(* Let $\phi=\phi_{\mathrm{NH}}$, $\phi_{\mathrm{NH}}(y,t)=t^{-1/2}\exp(y^2/(2t))$, and $\Phi(\boldsymbol x,t)=\sum_{i=1}^N\phi(x_i,t)$. Let $B>0$, $\boldsymbol x\in[0,\infty)^N$, $t>0$, $\boldsymbol p\in\Delta^{N-1}$ with $p_i\propto\partial_x\phi(x_i,t)$ (arbitrary if all these vanish), $\boldsymbol\ell\in\mathbb{R}^N$ with $\max_{i,i'}|\ell_i-\ell_{i'}|\le B$, $\Delta x_i=\langle\boldsymbol p,\boldsymbol\ell\rangle-\ell_i$, and let $\Delta t\ge0$ be such that $\Phi(\boldsymbol x+\Delta\boldsymbol x,t+\Delta t)=\Phi(\boldsymbol x,t)$. If $K>0$ is such that $\max_{i\in[N]}x_i^2/t\le K$, then $$t\ge256e^2B^2\max\{K,1\}\implies\Delta t\le2eB^2.$$
   Context: $\Delta^{N-1}$ is the probability simplex in $\mathbb{R}^N$. *)

theory Defs
  imports "HOL-Analysis.Analysis"
begin

definition phiNH :: "real \<Rightarrow> real \<Rightarrow> real" where
  "phiNH y t = t powr (-1/2) * exp (y^2 / (2 * t))"

text \<open>Phi(x,t) = sum_{i<N} phi(x_i,t); vectors in R^N are functions on {..<N}.\<close>
definition PhiNH :: "nat \<Rightarrow> (nat \<Rightarrow> real) \<Rightarrow> real \<Rightarrow> real" where
  "PhiNH N x t = (\<Sum>i<N. phiNH (x i) t)"

definition prob_simplex :: "nat \<Rightarrow> (nat \<Rightarrow> real) set" where
  "prob_simplex N = {p. (\<forall>i<N. 0 \<le> p i) \<and> (\<Sum>i<N. p i) = 1}"

end

theory Submission
  imports Defs
begin

text \<open>
  Advancing time by \<open>s = 2 e B\<^sup>2\<close> pushes every summand of \<open>\<Phi>\<close> below its tangent in the
  space variable: with \<open>a = x/\<surd>t\<close>, \<open>u = d/\<surd>t\<close> and \<open>\<epsilon> = s/t\<close> one has
  \<open>\<phi>(x + d, t + s) / \<phi>(x, t) = exp ((a + u)\<^sup>2 / (2(1 + \<epsilon>)) - a\<^sup>2/2) / \<surd>(1 + \<epsilon>)\<close>,
  and the bounds \<open>ln (1 + z) \<ge> z - 2z\<^sup>2\<close>, \<open>ln (1 + \<epsilon>) \<ge> \<epsilon> - \<epsilon>\<^sup>2\<close> show that this is at
  most \<open>1 + a u\<close> as soon as \<open>B\<^sup>2/t\<close> is small compared with \<open>\<epsilon>\<close> and \<open>x B / t\<close> is small.
  The displacements \<open>d\<^sub>i = \<langle>p, l\<rangle> - l\<^sub>i\<close> are bounded by \<open>B\<close> and, as \<open>p\<close> is proportional
  to the gradient of \<open>\<Phi>\<close>, orthogonal to that gradient. Summing the tangent bounds gives
  \<open>\<Phi>(x + \<Delta>x, t + s) \<le> \<Phi>(x, t)\<close>, and since \<open>\<Phi>\<close> is strictly decreasing in time, \<open>\<Delta>t \<le> s\<close>.
\<close>

lemma phiNH_eq_exp: "0 < t \<Longrightarrow> phiNH y t = exp (y\<^sup>2 / (2 * t) - ln t / 2)"
  by (simp add: phiNH_def powr_def mult_exp_exp)

lemma phiNH_scale:
  assumes "0 < r" "0 < t"
  shows "phiNH (r * y) (r\<^sup>2 * t) = phiNH y t / r"
proof -
  have "(r * y)\<^sup>2 / (2 * (r\<^sup>2 * t)) - ln (r\<^sup>2 * t) / 2 = (y\<^sup>2 / (2 * t) - ln t / 2) - ln r"
    using assms by (simp add: power_mult_distrib ln_mult ln_realpow field_simps)
  then show ?thesis
    using assms by (simp add: phiNH_eq_exp exp_diff)
qed

lemma phiNH_strict_antimono:
  assumes "0 < t" "t < t'"
  shows "phiNH y t' < phiNH y t"
proof -
  have "y\<^sup>2 / (2 * t') \<le> y\<^sup>2 / (2 * t)"
    using assms by (intro divide_left_mono) auto
  moreover have "ln t < ln t'"
    using assms by simp
  ultimately have "y\<^sup>2 / (2 * t') - ln t' / 2 < y\<^sup>2 / (2 * t) - ln t / 2"
    by linarith
  then show ?thesis
    using assms by (simp add: phiNH_eq_exp)
qed

lemma PhiNH_strict_antimono:
  assumes "0 < N" "0 < t" "t < t'"
  shows "PhiNH N x t' < PhiNH N x t"
  unfolding PhiNH_def using assms by (intro sum_strict_mono phiNH_strict_antimono) auto

lemma deriv_phiNH:
  assumes "0 < t"
  shows "deriv (\<lambda>y. phiNH y t) y = phiNH y t * (y / t)"
proof -
  have "((\<lambda>y. t powr (-1/2) * exp (y\<^sup>2 / (2 * t))) has_real_derivative
          t powr (-1/2) * (exp (y\<^sup>2 / (2 * t)) * (2 * y / (2 * t)))) (at y)"
    using assms by (auto intro!: derivative_eq_intros simp: power2_eq_square)
  then show ?thesis
    unfolding phiNH_def using assms by (intro DERIV_imp_deriv) (simp add: field_simps)
qed

lemma exponent_le_tangent:
  fixes a u b \<epsilon> :: real
  assumes u: "\<bar>u\<bar> \<le> b" and eps: "0 \<le> \<epsilon>" "\<epsilon> \<le> 1/2"
    and b: "4 * (1 + \<epsilon>) * b\<^sup>2 \<le> \<epsilon>" and ab: "8 * \<bar>a\<bar> * b \<le> 1"
  shows "(a + u)\<^sup>2 / (2 * (1 + \<epsilon>)) - a\<^sup>2 / 2 \<le> a * u - 2 * (a * u)\<^sup>2 + (\<epsilon> - \<epsilon>\<^sup>2) / 2"
proof -
  have u2: "u\<^sup>2 \<le> b\<^sup>2"
    using power_mono[OF u abs_ge_zero, of 2] by simp
  have "4 * (1 + \<epsilon>) * (a * u)\<^sup>2 \<le> 4 * (1 + \<epsilon>) * b\<^sup>2 * a\<^sup>2"
    using mult_left_mono[OF u2, of "4 * (1 + \<epsilon>) * a\<^sup>2"] eps by (simp add: power_mult_distrib ac_simps)
  also have "\<dots> \<le> \<epsilon> * a\<^sup>2"
    using b by (simp add: mult_right_mono)
  finally have quartic: "4 * (1 + \<epsilon>) * (a * u)\<^sup>2 \<le> \<epsilon> * a\<^sup>2" .
  have "0 \<le> \<epsilon> * b\<^sup>2"
    using eps by simp
  then have quadratic: "u\<^sup>2 \<le> \<epsilon> / 4"
    using u2 b by (simp add: algebra_simps)
  have "\<bar>a * u\<bar> \<le> 1/8"
    using mult_left_mono[OF u, of "\<bar>a\<bar>"] ab by (simp add: abs_mult)
  then have cross: "- (2 * \<epsilon> * (a * u)) \<le> \<epsilon> / 4"
    using mult_left_mono[of "- (a * u)" "1/8" "2 * \<epsilon>"] eps by simp
  have cubic: "\<epsilon> * \<epsilon>\<^sup>2 \<le> \<epsilon> / 2"
    using mult_left_mono[OF mult_mono[OF eps(2) eps(2)], of \<epsilon>] eps by (simp add: power2_eq_square)
  have "u\<^sup>2 - \<epsilon> * a\<^sup>2 - 2 * \<epsilon> * (a * u) + 4 * (1 + \<epsilon>) * (a * u)\<^sup>2 \<le> \<epsilon> - \<epsilon> * \<epsilon>\<^sup>2"
    using quartic quadratic cross cubic by linarith
  then show ?thesis
    using eps by (simp add: field_simps power2_eq_square)
qed

lemma phiNH_unit_le_tangent:
  fixes a u b \<epsilon> :: real
  assumes "\<bar>u\<bar> \<le> b" "0 \<le> \<epsilon>" "\<epsilon> \<le> 1/2" "4 * (1 + \<epsilon>) * b\<^sup>2 \<le> \<epsilon>" "8 * \<bar>a\<bar> * b \<le> 1"
  shows "phiNH (a + u) (1 + \<epsilon>) \<le> phiNH a 1 * (1 + a * u)"
proof -
  have "\<bar>a * u\<bar> \<le> 1/2"
    using mult_left_mono[OF assms(1), of "\<bar>a\<bar>"] assms(5) by (simp add: abs_mult)
  then have ln_au: "a * u - 2 * (a * u)\<^sup>2 \<le> ln (1 + a * u)"
    using abs_ln_one_plus_x_minus_x_bound[of "a * u"] by linarith
  have ln_eps: "\<epsilon> - \<epsilon>\<^sup>2 \<le> ln (1 + \<epsilon>)"
    using assms(2,3) by (intro ln_one_plus_pos_lower_bound) auto
  have "(a + u)\<^sup>2 / (2 * (1 + \<epsilon>)) - ln (1 + \<epsilon>) / 2 \<le> a\<^sup>2 / 2 + ln (1 + a * u)"
    using exponent_le_tangent[OF assms] ln_au ln_eps by argo
  then have "phiNH (a + u) (1 + \<epsilon>) \<le> exp (a\<^sup>2 / 2 + ln (1 + a * u))"
    using assms(2) by (simp add: phiNH_eq_exp)
  also have "\<dots> = phiNH a 1 * (1 + a * u)"
    using \<open>\<bar>a * u\<bar> \<le> 1/2\<close> by (simp add: phiNH_eq_exp exp_add)
  finally show ?thesis .
qed

lemma phiNH_le_tangent:
  fixes x d t s B :: real
  assumes t: "0 < t" and d: "\<bar>d\<bar> \<le> B" and s: "0 \<le> s" "2 * s \<le> t"
    and B: "4 * (t + s) * B\<^sup>2 \<le> s * t" and x: "8 * \<bar>x\<bar> * B \<le> t"
  shows "phiNH (x + d) (t + s) \<le> phiNH x t + deriv (\<lambda>y. phiNH y t) x * d"
proof -
  define r where "r = sqrt t"
  have r: "0 < r" "r\<^sup>2 = t"
    using t by (auto simp: r_def)
  have "\<bar>d / r\<bar> \<le> B / r"
    using d r by (simp add: divide_right_mono)
  moreover have eps: "0 \<le> s / t" "s / t \<le> 1/2"
    using t s by (simp_all add: field_simps)
  moreover have "4 * (1 + s / t) * (B / r)\<^sup>2 \<le> s / t"
    using t r mult_right_mono[OF B, of t] by (simp add: power_divide field_simps)
  moreover have "8 * \<bar>x / r\<bar> * (B / r) \<le> 1"
    using t x r by (simp add: field_simps power2_eq_square)
  ultimately have unit: "phiNH (x / r + d / r) (1 + s / t) \<le> phiNH (x / r) 1 * (1 + x / r * (d / r))"
    by (rule phiNH_unit_le_tangent)
  have "r * (x / r + d / r) = x + d" "r\<^sup>2 * (1 + s / t) = t + s"
    using r t by (simp_all add: field_simps)
  then have "phiNH (x + d) (t + s) = phiNH (x / r + d / r) (1 + s / t) / r"
    using phiNH_scale[OF r(1), of "1 + s / t" "x / r + d / r"] eps(1) by simp
  also have "\<dots> \<le> phiNH (x / r) 1 * (1 + x * d / t) / r"
    using unit r by (simp add: divide_right_mono power2_eq_square)
  also have "\<dots> = phiNH x t * (1 + x * d / t)"
    using phiNH_scale[OF r(1), of 1 "x / r"] r by simp
  also have "\<dots> = phiNH x t + deriv (\<lambda>y. phiNH y t) x * d"
    using t by (simp add: deriv_phiNH algebra_simps)
  finally show ?thesis .
qed

lemma PhiNH_shift_le:
  assumes t: "0 < t" and d: "\<forall>i<N. \<bar>d i\<bar> \<le> B" and s: "0 \<le> s" "2 * s \<le> t"
    and B: "4 * (t + s) * B\<^sup>2 \<le> s * t" and x: "\<forall>i<N. 8 * \<bar>x i\<bar> * B \<le> t"
    and tangent: "(\<Sum>i<N. deriv (\<lambda>y. phiNH y t) (x i) * d i) = 0"
  shows "PhiNH N (\<lambda>i. x i + d i) (t + s) \<le> PhiNH N x t"
proof -
  have "PhiNH N (\<lambda>i. x i + d i) (t + s) \<le> (\<Sum>i<N. phiNH (x i) t + deriv (\<lambda>y. phiNH y t) (x i) * d i)"
    unfolding PhiNH_def using assms by (intro sum_mono phiNH_le_tangent) auto
  also have "\<dots> = PhiNH N x t"
    by (simp add: PhiNH_def sum.distrib tangent)
  finally show ?thesis .
qed

lemma prob_simplex_mean_deviation_le:
  assumes p: "p \<in> prob_simplex N" and l: "\<forall>i<N. \<forall>i'<N. \<bar>l i - l i'\<bar> \<le> B" and i: "i < N"
  shows "\<bar>(\<Sum>j<N. p j * l j) - l i\<bar> \<le> B"
proof -
  have p0: "\<forall>j<N. 0 \<le> p j" and p1: "(\<Sum>j<N. p j) = 1"
    using p by (auto simp: prob_simplex_def)
  have "(\<Sum>j<N. p j * l j) - l i = (\<Sum>j<N. p j * (l j - l i))"
    by (simp add: right_diff_distrib sum_subtractf sum_distrib_right[symmetric] p1)
  also have "\<bar>\<dots>\<bar> \<le> (\<Sum>j<N. p j * B)"
    using p0 l i by (intro sum_abs[THEN order_trans] sum_mono) (simp add: abs_mult mult_left_mono)
  also have "\<dots> = B"
    by (simp add: sum_distrib_right[symmetric] p1)
  finally show ?thesis .
qed

lemma prob_simplex_mean_deviation:
  assumes "p \<in> prob_simplex N"
  shows "(\<Sum>i<N. p i * ((\<Sum>j<N. p j * l j) - l i)) = 0"
  using assms by (simp add: prob_simplex_def right_diff_distrib sum_subtractf sum_distrib_right[symmetric])

lemma proportional_mean_deviation:
  assumes p: "p \<in> prob_simplex N" and g: "(\<exists>i<N. g i \<noteq> 0) \<longrightarrow> (\<exists>c. \<forall>i<N. p i = c * g i)"
  shows "(\<Sum>i<N. g i * ((\<Sum>j<N. p j * l j) - l i)) = 0"
proof (cases "\<exists>i<N. g i \<noteq> 0")
  case True
  then obtain c where c: "\<forall>i<N. p i = c * g i"
    using g by blast
  have "c * (\<Sum>i<N. g i * ((\<Sum>j<N. p j * l j) - l i)) = (\<Sum>i<N. p i * ((\<Sum>j<N. p j * l j) - l i))"
    using c by (simp add: sum_distrib_left mult.assoc)
  also have "\<dots> = 0"
    using p by (rule prob_simplex_mean_deviation)
  moreover have "c \<noteq> 0"
  proof
    assume "c = 0"
    then have "(\<Sum>i<N. p i) = 0"
      using c by simp
    then show False
      using p by (simp add: prob_simplex_def)
  qed
  ultimately show ?thesis
    by simp
qed auto

lemma tangent_conditions_of_large_time:
  fixes t B K x :: real
  assumes B: "0 < B" and t: "256 * (exp 1)\<^sup>2 * B\<^sup>2 * max K 1 \<le> t"
  shows "4 * (t + 2 * exp 1 * B\<^sup>2) * B\<^sup>2 \<le> 2 * exp 1 * B\<^sup>2 * t"
    and "2 * (2 * exp 1 * B\<^sup>2) \<le> t"
    and "x\<^sup>2 \<le> K * t \<Longrightarrow> 8 * \<bar>x\<bar> * B \<le> t"
proof -
  have e: "5/2 \<le> exp (1::real)"
    using exp_lower_Taylor_quadratic[of 1] by simp
  have "256 * (exp 1)\<^sup>2 * B\<^sup>2 * 1 \<le> 256 * (exp 1)\<^sup>2 * B\<^sup>2 * max K 1"
    by (intro mult_left_mono) auto
  then have tB: "256 * (exp 1)\<^sup>2 * B\<^sup>2 \<le> t"
    using t by linarith
  moreover have "0 \<le> 256 * (exp 1)\<^sup>2 * B\<^sup>2"
    by simp
  ultimately have t0: "0 \<le> t"
    by linarith
  have "8 * exp 1 * B\<^sup>2 \<le> 256 * (exp 1)\<^sup>2 * B\<^sup>2"
    using e by (intro mult_right_mono) (auto simp: power2_eq_square)
  then have t8: "8 * exp 1 * B\<^sup>2 \<le> t"
    using tB by linarith
  have "1 * t \<le> (2 * exp 1 - 4) * t"
    using e t0 by (intro mult_right_mono) auto
  then have "4 * t + 8 * exp 1 * B\<^sup>2 \<le> 2 * exp 1 * t"
    using t8 by (simp add: algebra_simps)
  from mult_left_mono[OF this, of "B\<^sup>2"]
  show "4 * (t + 2 * exp 1 * B\<^sup>2) * B\<^sup>2 \<le> 2 * exp 1 * B\<^sup>2 * t"
    by (simp add: algebra_simps)
  show "2 * (2 * exp 1 * B\<^sup>2) \<le> t"
    using t8 mult_nonneg_nonneg[OF exp_ge_zero zero_le_power2, of 1 B] by linarith
  assume x: "x\<^sup>2 \<le> K * t"
  have "1 \<le> (exp 1::real)\<^sup>2"
    using e by (simp add: one_le_power)
  then have "64 \<le> 256 * (exp 1::real)\<^sup>2"
    by linarith
  then have "64 * (B\<^sup>2 * max K 1) \<le> 256 * (exp 1)\<^sup>2 * (B\<^sup>2 * max K 1)"
    by (rule mult_right_mono) simp
  then have tM: "64 * B\<^sup>2 * max K 1 \<le> t"
    using t by (simp add: ac_simps)
  have "K * t \<le> max K 1 * t"
    using t0 by (intro mult_right_mono) auto
  have "(8 * \<bar>x\<bar> * B)\<^sup>2 = 64 * B\<^sup>2 * x\<^sup>2"
    by (simp add: power_mult_distrib)
  also have "\<dots> \<le> 64 * B\<^sup>2 * (max K 1 * t)"
    using x \<open>K * t \<le> max K 1 * t\<close> by (intro mult_left_mono) auto
  also have "\<dots> \<le> t\<^sup>2"
    using mult_right_mono[OF tM t0] by (simp add: power2_eq_square ac_simps)
  finally show "8 * \<bar>x\<bar> * B \<le> t"
    using t0 by (rule power2_le_imp_le)
qed

theorem lemma6p12:
  fixes N :: nat and x p l :: "nat \<Rightarrow> real" and t dt B K :: real
  assumes "B > 0"
    and "\<forall>i<N. 0 \<le> x i"
    and "t > 0"
    and "p \<in> prob_simplex N"
    and "(\<exists>i<N. deriv (\<lambda>y. phiNH y t) (x i) \<noteq> 0) \<longrightarrow>
           (\<exists>c. \<forall>i<N. p i = c * deriv (\<lambda>y. phiNH y t) (x i))"
    and "\<forall>i<N. \<forall>i'<N. \<bar>l i - l i'\<bar> \<le> B"
    and "dt \<ge> 0"
    and "PhiNH N (\<lambda>i. x i + ((\<Sum>j<N. p j * l j) - l i)) (t + dt) = PhiNH N x t"
    and "K > 0"
    and "\<forall>i<N. (x i)^2 / t \<le> K"
  shows "t \<ge> 256 * (exp 1)^2 * B^2 * max K 1 \<longrightarrow> dt \<le> 2 * exp 1 * B^2"
proof
  note B = assms(1) and t = assms(3) and p = assms(4) and l = assms(6) and xK = assms(10)
  assume large: "t \<ge> 256 * (exp 1)^2 * B^2 * max K 1"
  define s where "s = 2 * exp 1 * B\<^sup>2"
  define d where "d i = (\<Sum>j<N. p j * l j) - l i" for i
  have s: "0 \<le> s" "2 * s \<le> t" "4 * (t + s) * B\<^sup>2 \<le> s * t"
    using tangent_conditions_of_large_time[OF B large] by (simp_all add: s_def)
  have shift: "PhiNH N (\<lambda>i. x i + d i) (t + s) \<le> PhiNH N x t"
  proof (rule PhiNH_shift_le[OF t _ s])
    show "\<forall>i<N. \<bar>d i\<bar> \<le> B"
      using prob_simplex_mean_deviation_le[OF p l] by (simp add: d_def)
    show "\<forall>i<N. 8 * \<bar>x i\<bar> * B \<le> t"
      using tangent_conditions_of_large_time(3)[OF B large] xK t by (simp add: pos_divide_le_eq)
    show "(\<Sum>i<N. deriv (\<lambda>y. phiNH y t) (x i) * d i) = 0"
      using proportional_mean_deviation[OF p assms(5)] by (simp add: d_def)
  qed
  have "0 < N"
    using p by (cases N) (auto simp: prob_simplex_def)
  show "dt \<le> 2 * exp 1 * B^2"
  proof (rule ccontr)
    assume "\<not> ?thesis"
    then have "t + s < t + dt"
      by (simp add: s_def)
    then have "PhiNH N (\<lambda>i. x i + d i) (t + dt) < PhiNH N (\<lambda>i. x i + d i) (t + s)"
      by (rule PhiNH_strict_antimono[OF \<open>0 < N\<close> add_pos_nonneg[OF t s(1)]])
    with shift assms(8) show False
      by (simp add: d_def)
  qed
qed

end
..........
## Required work
In the material above, find every line with the word "also" and show it.

## Task answer
  also have "\<dots> \<le> \<epsilon> * a\<^sup>2"
  also have "\<dots> = phiNH a 1 * (1 + a * u)"
  also have "\<dots> \<le> phiNH (x / r) 1 * (1 + x * d / t) / r"
  also have "\<dots> = phiNH x t * (1 + x * d / t)"
  also have "\<dots> = phiNH x t + deriv (\<lambda>y. phiNH y t) x * d"
  also have "\<dots> = PhiNH N x t"
  also have "\<bar>\<dots>\<bar> \<le> (\<Sum>j<N. p j * B)"
  also have "\<dots> = B"
  also have "\<dots> = 0"
  also have "\<dots> \<le> 64 * B\<^sup>2 * (max K 1 * t)"
  also have "\<dots> \<le> t\<^sup>2"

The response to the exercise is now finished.